Energy Dispersive X-ray Spectroscopy (EDS) analysis was performed in a JEOL 2010F which is a Field Emission Gun (FEG) TEM and operates at 200 kV accelerating voltage. EDS was performed on both reduced and non-reduced promoted samples. Reduced material was transferred from glove box to the TEM by using glove bag. TEM samples for these experiments were prepared by dispersion of crushed powder on carbon film supported with copper mesh grid.

3 Results

The microstructure of the promoted sample before reduction is shown in Fig. 1. Figure 1a is a low magnification overview of the microstructure, showing the darker Co3O4 phase dispersed on the much coarser alumina grains. Some of the Co3O4 crystallites are grouped into aggregates, which are considerably larger than the 21 nm particle size measured by XRD. Examples of these are indicated by arrows. Figure 1b shows lattice resolution images of an enlarged area of Fig. 1a. Lattice spacings were measured directly from the image. In Fig. 1b the measured lattice spacings of 4.66 Å corresponds to the (111) planes of Co3O4, Table 1.
Fig. 1

Images of catalyst before reduction. a Low magnification image of Co3O4 on alumina support, arrows indicate Co3O4 aggregates. b HRTEM detail of a single Co3O4 aggregate

3.1 Movie of reduction

Figure 2a and b show the same area as Fig. 1a and b after reduction, respectively. Figure 2c shows a HRTEM image of a different cobalt particle after reduction. HRTEM images confirm that the reduction of Co3O4 to cobalt has been achieved successfully. Where overlap exists in spacings between cobalt metal and substrate, it is possible to distinguish the two phases on the basis of morphology and spatial distribution. According to Table 1, the features with lattice spacings of 1.91 and 2.16 Å are identified as hcp metallic cobalt and the features with lattice spacings of 2.05 Å (Fig. 2c) as fcc metallic cobalt.
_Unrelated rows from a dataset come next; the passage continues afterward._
(* Let $\mathcal{X}'\subseteq\mathcal{X}$ be a set of pairwise backward kinematically inseparable observations. Then there exists a policy $\pi\in\Upsilon$ that maximizes $\mathbb{P}_\pi(x')$ over $\Upsilon$ simultaneously for all $x'\in\mathcal{X}'$. Further, this policy is an optimal policy (over $\Upsilon$) for the reward function $R'(x,a)=1\{x\in\mathcal{X}'\}$.
   Context: Block MDP: horizon $H$; finite latent states $\mathcal{S}=\sqcup_h\mathcal{S}_h$; countable observations $\mathcal{X}=\sqcup_h\mathcal{X}_h$; finite actions $\mathcal{A}$; start distribution $\mu\in\Delta(\mathcal{S}_1)$; transitions $T(\cdot\mid s,a)\in\Delta(\mathcal{S}_{h+1})$ for $s\in\mathcal{S}_h$; emissions $q(\cdot\mid s)\in\Delta(\mathcal{X}_h)$ with pairwise disjoint supports, decoder $g^\star$. Episodes: $s_1\sim\mu$, $x_h\sim q(\cdot\mid s_h)$, agent chooses $a_h$, $s_{h+1}\sim T(\cdot\mid s_h,a_h)$. $\Upsilon$ is the set of all policies $\mathcal{X}\to\Delta(\mathcal{A})$; $\mathbb{P}_\pi(x)$ is the probability that the trajectory under $\pi$ visits $x$; optimal for $R'$ means maximizing $\mathbb{E}_\pi[\sum_hR'(x_h,a_h)]$. Observation transitions $T(x'\mid x,a)=q(x'\mid g^\star(x'))T(g^\star(x')\mid g^\star(x),a)$; for full-support $u\in\Delta(\mathcal{X}\times\mathcal{A})$, $\mathbb{P}_u(x,a\mid x')=\frac{T(x'\mid x,a)u(x,a)}{\sum_{\tilde x,\tilde a}T(x'\mid\tilde x,\tilde a)u(\tilde x,\tilde a)}$; $x_1',x_2'$ are backward kinematically inseparable if $\mathbb{P}_u(\cdot\mid x_1')=\mathbb{P}_u(\cdot\mid x_2')$ for every full-support $u$. *)

theory Defs
  imports "HOL-Probability.Probability"
begin
lemma target_chain_eq_zero:
  assumes fin: "finite (csupp c)" and tg: "csupp c \<subseteq> targets V"
    and vanish: "\<And>y. y \<in> sources V \<Longrightarrow> bd inc c y = 0"
  shows "c = (\<lambda>_. 0)"
proof (rule ccontr)
  assume "c \<noteq> (\<lambda>_. 0)"
  then have ne: "csupp c \<noteq> {}" by (auto simp: csupp_def)
  define src where "src x = (SOME s. (s, x) \<in> V)" for x
  have src: "(src x, x) \<in> V" if "x \<in> csupp c" for x
  proof -
    from that tg obtain s where "(s, x) \<in> V" by (auto simp: targets_def)
    then show ?thesis unfolding src_def by (rule someI)
  qed
  \<comment> \<open>take the summand whose source starts the longest \<open>V\<close>-path\<close>
  define M where "M = Max ((\<lambda>x. max_path_len (src x)) ` csupp c)"
  have "M \<in> (\<lambda>x. max_path_len (src x)) ` csupp c"
    unfolding M_def using fin ne by (intro Max_in) auto
  then obtain t0 where t0: "t0 \<in> csupp c" and M: "max_path_len (src t0) = M" by auto
  have max: "max_path_len (src x) \<le> M" if "x \<in> csupp c" for x
    unfolding M_def using fin that by (intro Max_ge) auto
  define s0 where "s0 = src t0"
  have st0: "(s0, t0) \<in> V" using src[OF t0] by (simp add: s0_def)
  have others: "inc x s0 = 0" if "x \<in> csupp c" "x \<noteq> t0" for x
  proof (rule ccontr)
    assume "inc x s0 \<noteq> 0"
    moreover have "s0 \<noteq> src x" using pair_eqI[OF st0 src[OF that(1)]] that(2) by blast
    ultimately have "max_path_len s0 < max_path_len (src x)"
      using max_path_len_face_less[OF src[OF that(1)] st0] by blast
    with max[OF that(1)] M show False by (simp add: s0_def)
  qed
  have "bd inc c s0 = (\<Sum>x\<in>csupp c. c x * inc x s0)" by (simp add: bd_def lin_def)
  also have "\<dots> = c t0 * inc t0 s0"
    using fin t0 others by (simp add: sum.remove[OF fin t0] sum.neutral)
  finally have "bd inc c s0 = c t0 * inc t0 s0" .
  moreover have "c t0 \<noteq> 0" using t0 by (simp add: csupp_def)
  moreover have "inc t0 s0 \<noteq> 0" using pair_inc_unit[OF st0] by auto
  moreover have "s0 \<in> sources V" using st0 by (force simp: sources_def)
  ultimately show False using vanish by simp
qed
(* For every integer $d>1$, $\lambda^*(d,2^{d-1})=1-2^{-d}$.
   Context: For integers $n\ge d\ge 1$, a $d$-flat in $\mathbb{F}_2^n$ is a set $x_0+U$ with $x_0\in\mathbb{F}_2^n$ and $U$ a $d$-dimensional linear subspace of $\mathbb{F}_2^n$. For $A\subseteq\mathbb{F}_2^n$ and an integer $0\le s\le 2^d$, $\lambda^*(n,d,s,A)$ denotes the fraction of $d$-flats $Q$ in $\mathbb{F}_2^n$ with $|Q\cap A|=s$. Let $\lambda^*(n,d,s)=\max_{A\subseteq\mathbb{F}_2^n}\lambda^*(n,d,s,A)$; this is non-increasing in $n$, and $\lambda^*(d,s)=\lim_{n\to\infty}\lambda^*(n,d,s)$. *)

theory Defs
  imports Complex_Main
begin

text \<open>The vector space F_2^n is modelled as the set of subsets of {..<n}
  (a vector is identified with its support); addition is symmetric difference.\<close>

definition F2vec :: "nat \<Rightarrow> nat set set" where
  "F2vec n = Pow {..<n}"

definition vadd :: "nat set \<Rightarrow> nat set \<Rightarrow> nat set" where
  "vadd x y = (x - y) \<union> (y - x)"

text \<open>The F_2-linear combination  sum over i in S of v i.\<close>
definition comb :: "(nat \<Rightarrow> nat set) \<Rightarrow> nat set \<Rightarrow> nat set" where
  "comb v S = {j. odd (card {i \<in> S. j \<in> v i})}"

definition lin_indep :: "nat \<Rightarrow> (nat \<Rightarrow> nat set) \<Rightarrow> bool" where
  "lin_indep d v \<longleftrightarrow> (\<forall>S \<subseteq> {..<d}. comb v S = {} \<longrightarrow> S = {})"

definition lin_subspace :: "nat \<Rightarrow> nat set set \<Rightarrow> bool" where
  "lin_subspace n U \<longleftrightarrow> U \<subseteq> F2vec n \<and> {} \<in> U \<and> (\<forall>x\<in>U. \<forall>y\<in>U. vadd x y \<in> U)"

definition dim_subspace :: "nat \<Rightarrow> nat \<Rightarrow> nat set set \<Rightarrow> bool" where
  "dim_subspace n d U \<longleftrightarrow> lin_subspace n U \<and>
     (\<exists>v. (\<forall>i<d. v i \<in> U) \<and> lin_indep d v \<and> U = {comb v S | S. S \<subseteq> {..<d}})"

definition flats :: "nat \<Rightarrow> nat \<Rightarrow> nat set set set" where
  "flats n d = {Q. \<exists>x0 \<in> F2vec n. \<exists>U. dim_subspace n d U \<and> Q = vadd x0 ` U}"

definition lambdaA :: "nat \<Rightarrow> nat \<Rightarrow> nat \<Rightarrow> nat set set \<Rightarrow> real" where
  "lambdaA n d s A = real (card {Q \<in> flats n d. card (Q \<inter> A) = s}) / real (card (flats n d))"

definition lambda_n :: "nat \<Rightarrow> nat \<Rightarrow> nat \<Rightarrow> real" where
  "lambda_n n d s = Max {lambdaA n d s A | A. A \<subseteq> F2vec n}"

end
Lattice spacings of 2.02 Å could also be Co3O4. However, before reduction, the main lattice spacing representative of Co3O4 was 4.66 Å and in HRTEM images after reduction there is no evidence of that spacing in the images recorded. This strongly suggests that all the Co3O4 has been reduced to metallic cobalt.
Fig. 2

Images of the catalyst after reduction. a Low magnification TEM image of catalyst, b HRTEM image of cobalt aggregate at T = 360 °C and in 3.4 mbar H2 gas, which shows a lattice spacings for fcc cobalt c HRTEM image showing lattice spacing for both fcc and hcp cobalt

Further confirmation of complete reduction of Co3O4 was provided by EELS. Figure 3 shows EELS spectra acquired from Co-phases before and after reduction. In spectrum 1, which was acquired from a Co3O4 particle before reduction, the O–K edges (at 532 eV) and Co-L2,3 edges (at 779 eV) are present. Spectrum 2, acquired from a cobalt particle after reduction, shows only a Co-L2,3 edge and no measurable signal from oxygen. Figure 4 compares the EELS Spectra obtained from alumina and Co3O4 in the same energy range. Spectrum 1 shows the O–K edge in alumina and spectrum 2 shows O–K and Co-L2,3 edges in Co3O4. Comparison shows that the oxygen near edge fine structure obtained from Co3O4 and alumina is different. The first near-edge peak (indicated in the spectrum) from Co3O4 is not present in the alumina spectrum. Similar EELS spectra for Co3O4 and CoO were presented and discussed by Li et al. [4].
Fig. 3

EELS spectra recorded before and after reduction

Fig. 4

EELS spectra of alumina and Co3O4

Figure 5 shows STEM images of the sample. Cobalt aggregates on the larger support grains show bright contrast relative to the substrate. STEM images are sensitive to atomic number and density and show the changes in morphology after reduction clearly. Figure 5a and b are images before reduction and Fig. 5c and d are images of the same area after reduction. Figure 5c and d show that the cobalt containing phase has become dense. Furthermore, the original Co3O4 aggregates show evidence of having separated into more distinct, individual, particles. This shrinking behaviour is consistent with the reduction in volume associated with the reduction process described in the introduction. This is also important from the catalytic point of view as it provides a larger surface area of metal than if the particles were to coalesce.
Fig. 5

STEM images before and after reduction. a Before reduction. b Magnified area of a. c The same area as a after reduction. e Magnified area of d

After reduction the sample was allowed to cool down to room temperature in H2. It was found that the cobalt nanoparticles had partially re-oxidized. Figure 6a shows a cobalt aggregate after reduction, some minutes after cooling to room temperature and still under H2 flow. In this image some areas show lattice spacings of 2.86 Å, which corresponds with (220) planes of Co3O4, and some parts show lattice spacings of 2.13 Å which corresponds with (200) planes of CoO.
Fig. 6

a HRTEM image showing reoxidation. a Image of cobalt aggregate at room temperature and under H2 flow. b HRTEM image of particle shown in Figs. 1 b and 2 b after being left overnight in the TEM vacuum

After analysis, the sample was kept inside the microscope overnight, without H2 flow and the result was further partial oxidation of cobalt. Figure 6b shows a layer with approximately 3 nm thickness of oxide around a cobalt particle. Lattice fringes confirm that the outer layer of oxide contains the characteristic d values of 2.86 Å, 2.46 Å for Co3O4 and 2.13 Å for CoO, respectively. The fringes in the inner layer show the d value of 1.91 Å, 2.16 Å, which correspond with (100) and (101) planes of hexagonal cobalt and 2.05 Å which corresponds with (111) planes of fcc cobalt. Generally, a structure with the most oxygen-rich oxide on the outside and the metal in the centre is seen. This is consistent with slow oxidation of the particles, which requires transport of oxygen through the stable outer layer of Co3O4.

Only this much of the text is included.